(* Let $A$ (the source) and $B$ (the target) be finite metric graphs, and let $L(A)$ and $L(B)$ denote their perimeters (the sums of all edge lengths). Let $\alpha>0$ and let $m:\alpha A\to B$ be an isometric covering, where $\alpha A$ denotes $A$ with every edge length multiplied by $\alpha$. Let $\mathcal{D}_m$ be the set of edges of $B$ that are doubly covered by $m$, meaning that every point of the edge has at least two preimages under $m$. Then $$\alpha \;\ge\; \frac{L(B)+\sum_{e\in\mathcal{D}_m}\ell(e)}{L(A)},$$ where $\ell(e)$ is the length of $e$. In particular, the optimal scale factor $\mathrm{OPT}$ satisfies this inequality, with $\mathcal{D}_m$ taken for an isometric covering achieving $\mathrm{OPT}$.
   Context: A metric graph is a graph with a positive length assigned to each edge. It is viewed as a metric space: each edge is a segment of its length, glued at the vertices. An isometric covering of a metric space $Y$ by a metric space $X$ is a surjective map $m:X\to Y$ such that, for every path $p$ in $X$, the arc length of $p$ in $X$ equals the arc length of the curve $m(p)$ in $B$, counted with multiplicity. The optimal scale factor $\mathrm{OPT}$ for source $A$ and target $B$ is the minimum $\alpha$ such that $\alpha A$ has an isometric covering onto $B$. *)

theory Defs
  imports "HOL-Analysis.Analysis" "HOL-Library.Extended_Nonnegative_Real"
begin

text \<open>A finite metric graph: vertex set, edge set, endpoint map (loops and multi-edges
allowed) and positive edge lengths.\<close>

record ('v, 'e) mgraph =
  verts :: "'v set"
  edges :: "'e set"
  ends  :: "'e \<Rightarrow> 'v \<times> 'v"
  len   :: "'e \<Rightarrow> real"

definition finite_mgraph :: "('v, 'e) mgraph \<Rightarrow> bool" where
  "finite_mgraph G \<longleftrightarrow> finite (verts G) \<and> finite (edges G) \<and>
     (\<forall>e\<in>edges G. fst (ends G e) \<in> verts G \<and> snd (ends G e) \<in> verts G \<and> len G e > 0)"

definition scale :: "real \<Rightarrow> ('v, 'e) mgraph \<Rightarrow> ('v, 'e) mgraph" where
  "scale \<alpha> G = G\<lparr>len := (\<lambda>e. \<alpha> * len G e)\<rparr>"

definition perimeter :: "('v, 'e) mgraph \<Rightarrow> real" where
  "perimeter G = (\<Sum>e\<in>edges G. len G e)"

text \<open>Points of the metric graph: vertices, and interior points (e,t) with 0<t<len e,
t measured from the first endpoint of e.\<close>
type_synonym ('v, 'e) gpoint = "'v + ('e \<times> real)"

definition gpoints :: "('v, 'e) mgraph \<Rightarrow> ('v, 'e) gpoint set" where
  "gpoints G = Inl ` verts G \<union> {Inr (e, t) | e t. e \<in> edges G \<and> 0 < t \<and> t < len G e}"

definition edge_points :: "('v, 'e) mgraph \<Rightarrow> 'e \<Rightarrow> ('v, 'e) gpoint set" where
  "edge_points G e = {Inl (fst (ends G e)), Inl (snd (ends G e))} \<union>
      {Inr (e, t) | t. 0 < t \<and> t < len G e}"

inductive gwalk :: "('v, 'e) mgraph \<Rightarrow> 'v \<Rightarrow> 'v \<Rightarrow> real \<Rightarrow> bool" for G where
  nil: "u \<in> verts G \<Longrightarrow> gwalk G u u 0"
| step: "gwalk G u w r \<Longrightarrow> e \<in> edges G \<Longrightarrow>
          ends G e = (w, x) \<or> ends G e = (x, w) \<Longrightarrow> gwalk G u x (r + len G e)"

text \<open>Shortest-path distance between vertices (infinite if not connected).\<close>
definition vdist :: "('v, 'e) mgraph \<Rightarrow> 'v \<Rightarrow> 'v \<Rightarrow> ennreal" where
  "vdist G u w = Inf {ennreal r | r. gwalk G u w r}"
theorem lemma11:
  fixes \<mu> :: "'a::euclidean_space measure" and \<alpha> c0 :: real
  assumes borel: "sets \<mu> = sets borel"
    and bdd: "bounded (msupport \<mu>)"
    and mass: "emeasure \<mu> (msupport \<mu>) = 1"
    and alpha: "0 < \<alpha>" "\<alpha> \<le> real DIM('a)"
    and c0: "c0 > 0"
    and ball_bound: "\<And>x r. r > 0 \<Longrightarrow> emeasure \<mu> (ball x r) \<le> ennreal (c0 * r powr \<alpha>)"
  shows "\<exists>c1>0. \<exists>c2>0. \<forall>(N::nat) (z::nat \<Rightarrow> 'a) (M::real).
           inj_on z {..<N} \<longrightarrow> M \<ge> c1 * real N powr (1 / \<alpha>) \<longrightarrow>
           (LINT \<xi>:{\<xi>. 1 \<le> norm \<xi> \<and> norm \<xi> \<le> M}|lborel.
               (cmod ((\<Sum>j<N. cis (- 2 * pi * (\<xi> \<bullet> z j))) - of_nat N * fourier_measure \<mu> \<xi>))\<^sup>2)
           \<ge> c2 * real N * M ^ DIM('a)"
proof -
  let ?D = "DIM('a)"
  have prob: "prob_space \<mu>" by (rule prob_space_if_msupport_mass_1[OF borel mass])
  define Q where "Q = max 1 (max (8 * measure lborel (ball (0::'a) 1))
                     (16 * exp (2 * (real ?D + 1)\<^sup>2) * c0 * suminf (shell_weight ?D)))"
  define c where "c = 1 / (2 * (real ?D + 1))"
  have Q: "Q \<ge> 1" and c: "c > 0" and scale: "\<And>M. 2 * (real ?D + 1) * (c * M) = M"
    unfolding Q_def c_def by auto
  then have c1: "Q powr (1 / \<alpha>) / c > 0" and c2: "c ^ ?D / 8 > 0" by auto
  show ?thesis
  proof (rule exI, rule conjI[OF c1], rule exI, rule conjI[OF c2], intro allI impI)
    fix N :: nat and z :: "nat \<Rightarrow> 'a" and M :: real
    assume "inj_on z {..<N}" and M: "Q powr (1 / \<alpha>) / c * real N powr (1 / \<alpha>) \<le> M"
    show "c ^ ?D / 8 * real N * M ^ ?D \<le> (LINT \<xi>:{\<xi>. 1 \<le> norm \<xi> \<and> norm \<xi> \<le> M}|lborel.
        (cmod ((\<Sum>j<N. cis (- 2 * pi * (\<xi> \<bullet> z j))) - of_nat N * fourier_measure \<mu> \<xi>))\<^sup>2)"
    proof (cases "N = 0")
      case False
      have "0 < Q powr (1 / \<alpha>) / c * real N powr (1 / \<alpha>)"
        using Q c False by (intro mult_pos_pos divide_pos_pos) auto
      then have "0 < c * M" using M c by (intro mult_pos_pos) auto
      have "(Q * real N) powr (1 / \<alpha>) \<le> c * M"
        using M c by (simp add: powr_mult field_simps)
      then have "Q * real N \<le> (c * M) powr \<alpha>"
        using alpha Q by (intro le_powr_if_powr_inverse_le) auto
      then have "real N * (c * M) ^ ?D / 8
          \<le> (LINT \<xi>:{\<xi>. 1 \<le> norm \<xi> \<and> norm \<xi> \<le> M}|lborel.
                (cmod (exp_sum z N \<xi> - of_nat N * fourier_measure \<mu> \<xi>))\<^sup>2)"
        using annulus_integral_lower_bound_powr[OF borel prob \<open>0 < c * M\<close> alpha ball_bound c0]
          False unfolding scale Q_def by simp
      then show ?thesis by (simp add: exp_sum_def power_mult_distrib mult_ac)
    qed simp
  qed
qed

end
lemma pullback_along_compact:
  assumes E: "compactin T E" "exhaustive L r s cmp E"
    and K: "compactin T K" "K \<subseteq> U" "\<And>x. x \<in> K \<Longrightarrow> d x = n" "r ` K \<subseteq> r ` E"
    and g: "continuous_map (subtopology TV (s ` U)) T g" "\<And>x. x \<in> U \<Longrightarrow> g (s x) = x"
    and U: "U \<subseteq> L"
  obtains F where "compactin T F" "F \<subseteq> L"
    "\<And>b. b \<in> F \<Longrightarrow> \<exists>x\<in>K. s x = r b \<and> (\<exists>mu\<in>E. \<exists>a\<in>L. s mu = r a \<and> cmp x b = cmp mu a)"
    "\<And>x eta. x \<in> K \<Longrightarrow> eta \<in> L \<Longrightarrow> s x = r eta \<Longrightarrow>
       \<exists>b\<in>F. r b = r eta \<and> (\<exists>w. common_upper_bound L r s cmp eta b w)"
proof -
  define D where "D = (\<lambda>p. - n + qlub P n p) ` d ` E \<inter> P"
  define Da where "Da = (\<lambda>p. - p + qlub P n p) ` d ` E \<inter> P"
  have fin: "finite D" "finite Da"
    unfolding D_def Da_def using finite_degrees_of_compact[OF E(1)] by auto
  define Z where
    "Z = (\<lambda>(x, y). cmp x y) ` ((E \<times> {a \<in> L. r a \<in> s ` E \<and> d a \<in> Da}) \<inter> composable_pairs r s L)"
  have "Da \<subseteq> P"
    unfolding Da_def by blast
  then have "compactin T {a \<in> L. r a \<in> s ` E \<and> d a \<in> Da}"
    using compactin_r_d_preimage image_compactin[OF E(1) continuous_s] fin(2) by blast
  then have "compactin T Z"
    unfolding Z_def using compactin_cmp_image E(1) by blast
  then have Z: "closedin T Z"
    using compactin_imp_closedin Hausdorff by blast
  define F where "F = {b \<in> L. r b \<in> s ` K \<and> d b \<in> D \<and> cmp (g (r b)) b \<in> Z}"
  have "compactin T F"
    unfolding F_def using compactin_section_pullback[OF K(1,2) g U fin(1) _ Z] D_def by blast
  moreover have "\<exists>x\<in>K. s x = r b \<and> (\<exists>mu\<in>E. \<exists>a\<in>L. s mu = r a \<and> cmp x b = cmp mu a)"
    if b: "b \<in> F" for b
  proof -
    obtain x where x: "x \<in> K" "r b = s x"
      using b unfolding F_def by blast
    then have "cmp x b \<in> Z"
      using b g(2) K(2) unfolding F_def by auto
    then show ?thesis
      using x unfolding Z_def composable_pairs_def by auto
  qed
  moreover have "\<exists>b\<in>F. r b = r eta \<and> (\<exists>w. common_upper_bound L r s cmp eta b w)"
    if x: "x \<in> K" and eta: "eta \<in> L" and xe: "s x = r eta" for x eta
  proof -
    have xL: "x \<in> L"
      using x K(2) U by blast
    obtain mu b a w where mu: "mu \<in> E" "mu \<in> L"
      and ba: "b \<in> L" "a \<in> L" "s x = r b" "s mu = r a" "cmp x b = cmp mu a"
        "d b = - d x + qlub P (d x) (d mu)" "d a = - d mu + qlub P (d x) (d mu)"
        "common_upper_bound L r s cmp eta b w"
      using exhaustive_common_extension[OF E(2) xL eta xe] x K(4) by blast
    have "d b = - n + qlub P n (d mu)" "d a = - d mu + qlub P n (d mu)"
      using ba(6,7) K(3)[OF x] by simp_all
    then have "d b \<in> D" "d a \<in> Da"
      unfolding D_def Da_def using mu(1) d_in_P[OF ba(1)] d_in_P[OF ba(2)] by auto
    moreover have "g (r b) = x"
      using ba(3) g(2) x K(2) by (metis subsetD)
    moreover have "r b \<in> s ` K" "r a \<in> s ` E"
      using ba(3,4) x mu(1) by (metis image_eqI)+
    ultimately have "b \<in> F"
      unfolding F_def Z_def composable_pairs_def using ba(1,2,4,5) mu
      by (auto intro!: image_eqI[of _ _ "(mu, a)"])
    then show ?thesis
      using ba(3,8) xe by auto
  qed
  ultimately show ?thesis
    using that unfolding F_def by blast
qed

text \<open>The pulled-back set has to be exhaustive on a whole neighbourhood of s(\<gamma>), so the
  construction runs over a compact neighbourhood K of \<gamma> on which s has a continuous inverse;
  injectivity of s on K then singles out \<gamma> again.\<close>

lemma exhaustive_pullback:
  assumes gam: "gam \<in> L" and E: "compactin T E" "exhaustive L r s cmp E"
    and UE: "openin TV UE" "r gam \<in> UE" "UE \<subseteq> r ` E"
  obtains F where "compactin T F" "exhaustive L r s cmp F"
    "\<exists>W. openin TV W \<and> s gam \<in> W \<and> W \<subseteq> r ` F"
    "\<And>b. b \<in> F \<Longrightarrow> s gam = r b \<Longrightarrow> \<exists>mu\<in>E. \<exists>a\<in>L. s mu = r a \<and> cmp gam b = cmp mu a"
proof -
  obtain U g where U: "openin T U" "gam \<in> U"
    and g: "continuous_map (subtopology TV (s ` U)) T g" "\<And>x. x \<in> U \<Longrightarrow> g (s x) = x"
    using local_section_of_s[OF gam] by blast
  have UL: "U \<subseteq> L"
    using openin_subset[OF U(1)] .
  define G where "G = U \<inter> {x \<in> L. d x = d gam} \<inter> {x \<in> L. r x \<in> UE}"
  have "openin T G"
    unfolding G_def
    using U(1) degree_level_openin openin_continuous_map_preimage[OF continuous_r UE(1)] by blast
  moreover have "gam \<in> G"
    unfolding G_def using U gam UE by auto
  ultimately obtain W K where WK: "openin T W" "compactin T K" "gam \<in> W" "W \<subseteq> K" "K \<subseteq> G"
    using compact_neighbourhood by blast
  have K: "K \<subseteq> U" "\<And>x. x \<in> K \<Longrightarrow> d x = d gam" "r ` K \<subseteq> r ` E"
    using WK(5) UE(3) unfolding G_def by auto
  obtain F where F: "compactin T F" "F \<subseteq> L"
    and F_factor: "\<And>b. b \<in> F \<Longrightarrow> \<exists>x\<in>K. s x = r b \<and> (\<exists>mu\<in>E. \<exists>a\<in>L. s mu = r a \<and> cmp x b = cmp mu a)"
    and F_cover: "\<And>x eta. x \<in> K \<Longrightarrow> eta \<in> L \<Longrightarrow> s x = r eta \<Longrightarrow>
       \<exists>b\<in>F. r b = r eta \<and> (\<exists>w. common_upper_bound L r s cmp eta b w)"
    using pullback_along_compact[OF E WK(2) K g UL] by blast
  have "exhaustive L r s cmp F"
    unfolding exhaustive_def
  proof (intro conjI ballI impI F(2))
    fix eta assume "eta \<in> L" "r eta \<in> r ` F"
    then show "\<exists>mu\<in>F. \<exists>z. common_upper_bound L r s cmp eta mu z"
      using F_factor F_cover by (metis imageE)
  qed
  moreover have "s ` W \<subseteq> r ` F"
  proof
    fix v assume "v \<in> s ` W"
    then obtain x where x: "x \<in> K" "v = s x"
      using WK(4) by blast
    then have "v \<in> V"
      using s_in_vertices K(1) UL by auto
    then have "v \<in> L" "r v = v"
      using vertices_subset r_vertex by auto
    then show "v \<in> r ` F"
      using F_cover[OF x(1)] x(2) by (metis image_eqI)
  qed
  moreover have "openin TV (s ` W)"
    using local_homeomorphism_imp_openin_image[OF local_homeomorphism_s WK(1)] .
  moreover have "\<exists>mu\<in>E. \<exists>a\<in>L. s mu = r a \<and> cmp gam b = cmp mu a" if "b \<in> F" "s gam = r b" for b
  proof -
    obtain x where "x \<in> K" "s x = r b" "\<exists>mu\<in>E. \<exists>a\<in>L. s mu = r a \<and> cmp x b = cmp mu a"
      using F_factor \<open>b \<in> F\<close> by blast
    moreover have "x = gam" if "x \<in> K" "s x = s gam"
      using that g(2) K(1) U(2) by (metis subsetD)
    ultimately show ?thesis
      using \<open>s gam = r b\<close> by metis
  qed
  ultimately show ?thesis
    using that F(1) WK(3) by blast
qed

· · · · ·

→ **ABOUT THIS EXERCISE**: Which lines of the data contain the word "bool"? Copy each one.

→ **ANSWER TO THIS TASK**:
definition finite_mgraph :: "('v, 'e) mgraph \<Rightarrow> bool" where
inductive gwalk :: "('v, 'e) mgraph \<Rightarrow> 'v \<Rightarrow> 'v \<Rightarrow> real \<Rightarrow> bool" for G where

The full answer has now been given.